Agriculture Policy Briefing Contract farming

NITI Aayog’s Ramesh Chand Wants Agricultural Marketing in Concurrent List

Ramesh Chand, photo by Vivian Fernandes.

“It is imperative to bring agricultural marketing into the Concurrent or Union list and implement a national-level model market act,” writes NITI Aayog member Ramesh Chand in a co-authored article  with Jaspal Singh in the Indian Express.

Chand believes that price volatility and unprofitable prices for farm produce can be addressed through competitive markets, which can give farmers higher than support prices (MSPs) provided markets are efficient.

He cites the case of onions dropping to Rs 200 a quintal in Madhya Pradesh in May but selling for Rs 700 a quintal in neighbouring Uttar Pradesh.  By August onions were selling for Rs 800 a quintal in MP mandis and for Rs 2,000 a quintal in Delhi’s wholesale markets.  If markets were integrated there would have been efficient movement of onions from the regions of glut to those of scarcity and prices would have equalized. If they were temporarily stored, the spike between prices in May and August would not have been so sharp.

Chand says states have been slow in implementing market reforms: removing restrictions imposed by the Agricultural Produce Marketing Act, facilitating private sector participation and investment in agricultural markets, promoting storage and linking farmers with processors through contract farming.

Unlike agricultural economist and former chairman of the Commission on Agricultural Costs and Prices (CACP) Ashok Gulati, Chand is not an unabashed free trader. Gulati thinks  the Essential Commodities Act and stocking limits distort the market; for Chand they “rule out the possibility of the private sector mopping up more than the normal marketed surplus.”

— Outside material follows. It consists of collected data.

lemma surrogate_gap_le_horizon:
  assumes "A1 c G" and "3 \<le> T" and H: "H = nat \<lceil>2 / \<gamma> * ln (real T)\<rceil>"
  shows "surrogate_gap c A B K H M w T
    \<le> G * (128 * \<kappa>\<^sub>B^4 * \<kappa>^12 * ln (real T) / (\<gamma>^3 * (real T)^2)) * (dist_norm_sum w T)^2"
proof -
  let ?L = "ln (real T)" and ?W = "dist_norm_sum w T"
  have L: "1 \<le> ?L" using \<open>3 \<le> T\<close> by (rule one_le_ln_of_ge_3)
  have decay: "(1 - \<gamma>)^(Suc H) \<le> 1 / (real T)^2"
  proof -
    have "(1 - \<gamma>)^(Suc H) \<le> (1 - \<gamma>)^H"
      using gamma_pos gamma_less_1 by (intro power_decreasing) auto
    also have "\<dots> \<le> 1 / (real T)^2"
      using gamma_pos gamma_less_1 \<open>3 \<le> T\<close> unfolding H
      by (intro power_one_minus_le_inverse_square real_nat_ceiling_ge) auto
    finally show ?thesis .
  qed
  have window: "1 + 2 * \<kappa>\<^sub>B^2 * \<kappa>^3 * real H \<le> 8 * \<kappa>\<^sub>B^2 * \<kappa>^3 * ?L / \<gamma>"
  proof -
    have "1 \<le> \<kappa>\<^sub>B^2" "1 \<le> \<kappa>^3" using kappa_ge_1 kappaB_ge_1 by simp_all
    hence k: "1 \<le> \<kappa>\<^sub>B^2 * \<kappa>^3" using mult_mono[of 1 "\<kappa>\<^sub>B^2" 1 "\<kappa>^3"] by simp
    have "1 + 2 * \<kappa>\<^sub>B^2 * \<kappa>^3 * real H \<le> 2 * \<kappa>\<^sub>B^2 * \<kappa>^3 * (real H + 1)"
      using k by (simp add: algebra_simps)
    also have "\<dots> \<le> 2 * \<kappa>\<^sub>B^2 * \<kappa>^3 * (4 * ?L / \<gamma>)"
      using k by (intro mult_left_mono[OF horizon_succ_le[OF gamma_pos gamma_less_1 L H]]) linarith
    finally show ?thesis by simp
  qed
  define P where "P = 16 * G * \<kappa>\<^sub>B^2 * \<kappa>^9 * ?W^2 / \<gamma>^2"
  have "0 \<le> P"
    unfolding P_def using A1_nonneg[OF assms(1)] kappa_ge_1 by simp
  have "surrogate_gap c A B K H M w T
      \<le> G * (8 * \<kappa>\<^sub>B^2 * \<kappa>^6 / \<gamma> * ?W) * (2 * \<kappa>) * (\<kappa>^2 * ((1 - \<gamma>)^(Suc H) / \<gamma>))
         * ((1 + 2 * \<kappa>\<^sub>B^2 * \<kappa>^3 * H) * ?W)"
    by (rule surrogate_gap_le[OF assms(1)])
  also have "\<dots> = P * ((1 - \<gamma>)^(Suc H) * (1 + 2 * \<kappa>\<^sub>B^2 * \<kappa>^3 * H))"
    unfolding P_def by (simp add: field_simps power2_eq_square eval_nat_numeral)
  also have "\<dots> \<le> P * (1 / (real T)^2 * (8 * \<kappa>\<^sub>B^2 * \<kappa>^3 * ?L / \<gamma>))"
    using decay window gamma_less_1 kappa_ge_1
    by (intro mult_left_mono[OF mult_mono \<open>0 \<le> P\<close>]) auto
  also have "\<dots> = G * (128 * \<kappa>\<^sub>B^4 * \<kappa>^12 * ?L / (\<gamma>^3 * (real T)^2)) * ?W^2"
    unfolding P_def by (simp add: field_simps power2_eq_square eval_nat_numeral)
  finally show ?thesis .
qed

Chand also sees a role for buffer stocks. Free traders like Gulati and former agriculture secretary M S Gill used to say that food security was not grain in warehouses but dollars in the treasury. But that hypothesis was severely tested during the global food crisis of 2008 when countries clamped down on food exports. India did not have to worry because of sufficient stocks when there were bread riots in countries like Egypt that relied on imports. “It was due to this policy of maintaining buffer stocks that India ensured remarkable price stability during the global food crisis,” Chand writes.

Free traders think buffer stocking is a more expensive way of achieving price stability. Governments are good at hoarding but they are quite inept at offloading the stored grains. Huge losses are caused by improper storage and rodent infestation. They also offer opportunities for corruption.

“Experience, however, shows that trade is often more expensive,” writes Chand. Last year buffer stocking was extended from rice and wheat to pulses. There was a 40 percent rise in the production of pulses as a whole, and 87 percent increase in the output of pigeonpea or tur. This kind of glut would have caused prices to crash; they did decline below support prices but the fall was cushioned by the government buying 14.7 lakh tonnes of kharif pulses.

Chand says till the mid-2000s, output growth drove the price trend. But over the past 10 years, price trends have driven output growth owing to the declining influence of non-price factors like technology, irrigation and extension.